» **Dataset records**:
════════════════════
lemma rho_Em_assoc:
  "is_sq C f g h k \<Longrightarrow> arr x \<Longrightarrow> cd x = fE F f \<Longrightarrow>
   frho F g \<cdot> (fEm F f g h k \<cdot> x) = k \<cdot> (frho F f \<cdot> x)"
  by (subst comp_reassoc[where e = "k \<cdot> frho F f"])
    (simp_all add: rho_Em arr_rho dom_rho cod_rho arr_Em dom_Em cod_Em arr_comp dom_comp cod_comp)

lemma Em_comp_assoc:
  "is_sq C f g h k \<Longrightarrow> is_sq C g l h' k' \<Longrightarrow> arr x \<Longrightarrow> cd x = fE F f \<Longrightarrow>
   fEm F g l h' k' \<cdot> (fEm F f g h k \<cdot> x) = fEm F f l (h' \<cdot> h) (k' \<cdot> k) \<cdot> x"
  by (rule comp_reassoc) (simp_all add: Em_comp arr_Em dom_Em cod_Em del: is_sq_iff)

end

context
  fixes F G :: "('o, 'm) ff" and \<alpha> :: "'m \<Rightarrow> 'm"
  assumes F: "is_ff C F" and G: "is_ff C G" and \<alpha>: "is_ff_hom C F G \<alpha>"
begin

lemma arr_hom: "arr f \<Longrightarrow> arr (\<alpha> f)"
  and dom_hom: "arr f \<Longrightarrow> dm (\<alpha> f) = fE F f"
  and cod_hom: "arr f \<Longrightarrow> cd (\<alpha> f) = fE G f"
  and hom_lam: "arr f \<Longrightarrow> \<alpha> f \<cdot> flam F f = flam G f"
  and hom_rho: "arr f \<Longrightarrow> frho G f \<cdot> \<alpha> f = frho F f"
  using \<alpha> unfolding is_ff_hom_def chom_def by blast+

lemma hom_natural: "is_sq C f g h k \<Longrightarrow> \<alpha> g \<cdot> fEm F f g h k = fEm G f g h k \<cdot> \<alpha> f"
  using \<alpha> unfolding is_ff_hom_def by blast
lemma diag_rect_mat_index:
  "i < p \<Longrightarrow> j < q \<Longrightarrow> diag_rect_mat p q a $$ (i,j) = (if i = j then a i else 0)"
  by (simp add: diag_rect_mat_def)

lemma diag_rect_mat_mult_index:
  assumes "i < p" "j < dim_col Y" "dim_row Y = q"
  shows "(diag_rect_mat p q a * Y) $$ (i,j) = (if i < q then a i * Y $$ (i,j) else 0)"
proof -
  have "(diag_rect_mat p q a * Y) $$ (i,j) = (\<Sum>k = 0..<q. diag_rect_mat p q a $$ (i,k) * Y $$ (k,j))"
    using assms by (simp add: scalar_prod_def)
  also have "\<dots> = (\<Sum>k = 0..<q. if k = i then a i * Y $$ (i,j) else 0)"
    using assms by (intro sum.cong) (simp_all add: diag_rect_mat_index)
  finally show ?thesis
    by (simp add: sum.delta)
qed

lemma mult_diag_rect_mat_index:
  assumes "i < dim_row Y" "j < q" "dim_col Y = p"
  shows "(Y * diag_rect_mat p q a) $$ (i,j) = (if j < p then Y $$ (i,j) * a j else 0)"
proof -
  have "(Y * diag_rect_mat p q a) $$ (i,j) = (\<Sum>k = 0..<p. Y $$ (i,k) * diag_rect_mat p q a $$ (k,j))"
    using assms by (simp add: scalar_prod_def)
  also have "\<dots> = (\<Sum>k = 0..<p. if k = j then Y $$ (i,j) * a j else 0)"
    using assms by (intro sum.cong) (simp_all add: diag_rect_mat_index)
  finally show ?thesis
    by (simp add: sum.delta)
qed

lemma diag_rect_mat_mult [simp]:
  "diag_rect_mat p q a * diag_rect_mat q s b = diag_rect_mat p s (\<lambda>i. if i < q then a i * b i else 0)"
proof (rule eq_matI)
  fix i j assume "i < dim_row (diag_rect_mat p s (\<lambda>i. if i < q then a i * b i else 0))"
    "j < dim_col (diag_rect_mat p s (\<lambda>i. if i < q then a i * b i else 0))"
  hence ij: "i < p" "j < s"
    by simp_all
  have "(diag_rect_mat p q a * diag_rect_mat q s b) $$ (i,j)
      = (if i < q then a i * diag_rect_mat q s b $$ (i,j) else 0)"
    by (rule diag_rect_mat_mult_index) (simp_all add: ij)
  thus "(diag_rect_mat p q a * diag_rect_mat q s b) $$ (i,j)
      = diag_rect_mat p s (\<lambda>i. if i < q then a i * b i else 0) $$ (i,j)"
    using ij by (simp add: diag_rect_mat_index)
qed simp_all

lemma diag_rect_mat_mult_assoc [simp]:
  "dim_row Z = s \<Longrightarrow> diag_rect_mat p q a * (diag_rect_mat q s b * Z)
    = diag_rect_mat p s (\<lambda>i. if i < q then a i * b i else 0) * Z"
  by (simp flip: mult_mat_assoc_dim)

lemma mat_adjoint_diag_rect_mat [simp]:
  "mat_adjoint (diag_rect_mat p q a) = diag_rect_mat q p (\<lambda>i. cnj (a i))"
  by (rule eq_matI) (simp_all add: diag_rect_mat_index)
════════════════════
» **What the exercise asks**: Output the full set of entries exactly as they were given.

» **Answer below**:
lemma rho_Em_assoc:
  "is_sq C f g h k \<Longrightarrow> arr x \<Longrightarrow> cd x = fE F f \<Longrightarrow>
   frho F g \<cdot> (fEm F f g h k \<cdot> x) = k \<cdot> (frho F f \<cdot> x)"
  by (subst comp_reassoc[where e = "k \<cdot> frho F f"])
    (simp_all add: rho_Em arr_rho dom_rho cod_rho arr_Em dom_Em cod_Em arr_comp dom_comp cod_comp)

lemma Em_comp_assoc:
  "is_sq C f g h k \<Longrightarrow> is_sq C g l h' k' \<Longrightarrow> arr x \<Longrightarrow> cd x = fE F f \<Longrightarrow>
   fEm F g l h' k' \<cdot> (fEm F f g h k \<cdot> x) = fEm F f l (h' \<cdot> h) (k' \<cdot> k) \<cdot> x"
  by (rule comp_reassoc) (simp_all add: Em_comp arr_Em dom_Em cod_Em del: is_sq_iff)

end

context
  fixes F G :: "('o, 'm) ff" and \<alpha> :: "'m \<Rightarrow> 'm"
  assumes F: "is_ff C F" and G: "is_ff C G" and \<alpha>: "is_ff_hom C F G \<alpha>"
begin

lemma arr_hom: "arr f \<Longrightarrow> arr (\<alpha> f)"
  and dom_hom: "arr f \<Longrightarrow> dm (\<alpha> f) = fE F f"
  and cod_hom: "arr f \<Longrightarrow> cd (\<alpha> f) = fE G f"
  and hom_lam: "arr f \<Longrightarrow> \<alpha> f \<cdot> flam F f = flam G f"
  and hom_rho: "arr f \<Longrightarrow> frho G f \<cdot> \<alpha> f = frho F f"
  using \<alpha> unfolding is_ff_hom_def chom_def by blast+

lemma hom_natural: "is_sq C f g h k \<Longrightarrow> \<alpha> g \<cdot> fEm F f g h k = fEm G f g h k \<cdot> \<alpha> f"
  using \<alpha> unfolding is_ff_hom_def by blast
lemma diag_rect_mat_index:
  "i < p \<Longrightarrow> j < q \<Longrightarrow> diag_rect_mat p q a $$ (i,j) = (if i = j then a i else 0)"
  by (simp add: diag_rect_mat_def)

lemma diag_rect_mat_mult_index:
  assumes "i < p" "j < dim_col Y" "dim_row Y = q"
  shows "(diag_rect_mat p q a * Y) $$ (i,j) = (if i < q then a i * Y $$ (i,j) else 0)"
proof -
  have "(diag_rect_mat p q a * Y) $$ (i,j) = (\<Sum>k = 0..<q. diag_rect_mat p q a $$ (i,k) * Y $$ (k,j))"
    using assms by (simp add: scalar_prod_def)
  also have "\<dots> = (\<Sum>k = 0..<q. if k = i then a i * Y $$ (i,j) else 0)"
    using assms by (intro sum.cong) (simp_all add: diag_rect_mat_index)
  finally show ?thesis
    by (simp add: sum.delta)
qed

lemma mult_diag_rect_mat_index:
  assumes "i < dim_row Y" "j < q" "dim_col Y = p"
  shows "(Y * diag_rect_mat p q a) $$ (i,j) = (if j < p then Y $$ (i,j) * a j else 0)"
proof -
  have "(Y * diag_rect_mat p q a) $$ (i,j) = (\<Sum>k = 0..<p. Y $$ (i,k) * diag_rect_mat p q a $$ (k,j))"
    using assms by (simp add: scalar_prod_def)
  also have "\<dots> = (\<Sum>k = 0..<p. if k = j then Y $$ (i,j) * a j else 0)"
    using assms by (intro sum.cong) (simp_all add: diag_rect_mat_index)
  finally show ?thesis
    by (simp add: sum.delta)
qed

lemma diag_rect_mat_mult [simp]:
  "diag_rect_mat p q a * diag_rect_mat q s b = diag_rect_mat p s (\<lambda>i. if i < q then a i * b i else 0)"
proof (rule eq_matI)
  fix i j assume "i < dim_row (diag_rect_mat p s (\<lambda>i. if i < q then a i * b i else 0))"
    "j < dim_col (diag_rect_mat p s (\<lambda>i. if i < q then a i * b i else 0))"
  hence ij: "i < p" "j < s"
    by simp_all
  have "(diag_rect_mat p q a * diag_rect_mat q s b) $$ (i,j)
      = (if i < q then a i * diag_rect_mat q s b $$ (i,j) else 0)"
    by (rule diag_rect_mat_mult_index) (simp_all add: ij)
  thus "(diag_rect_mat p q a * diag_rect_mat q s b) $$ (i,j)
      = diag_rect_mat p s (\<lambda>i. if i < q then a i * b i else 0) $$ (i,j)"
    using ij by (simp add: diag_rect_mat_index)
qed simp_all

lemma diag_rect_mat_mult_assoc [simp]:
  "dim_row Z = s \<Longrightarrow> diag_rect_mat p q a * (diag_rect_mat q s b * Z)
    = diag_rect_mat p s (\<lambda>i. if i < q then a i * b i else 0) * Z"
  by (simp flip: mult_mat_assoc_dim)

lemma mat_adjoint_diag_rect_mat [simp]:
  "mat_adjoint (diag_rect_mat p q a) = diag_rect_mat q p (\<lambda>i. cnj (a i))"
  by (rule eq_matI) (simp_all add: diag_rect_mat_index)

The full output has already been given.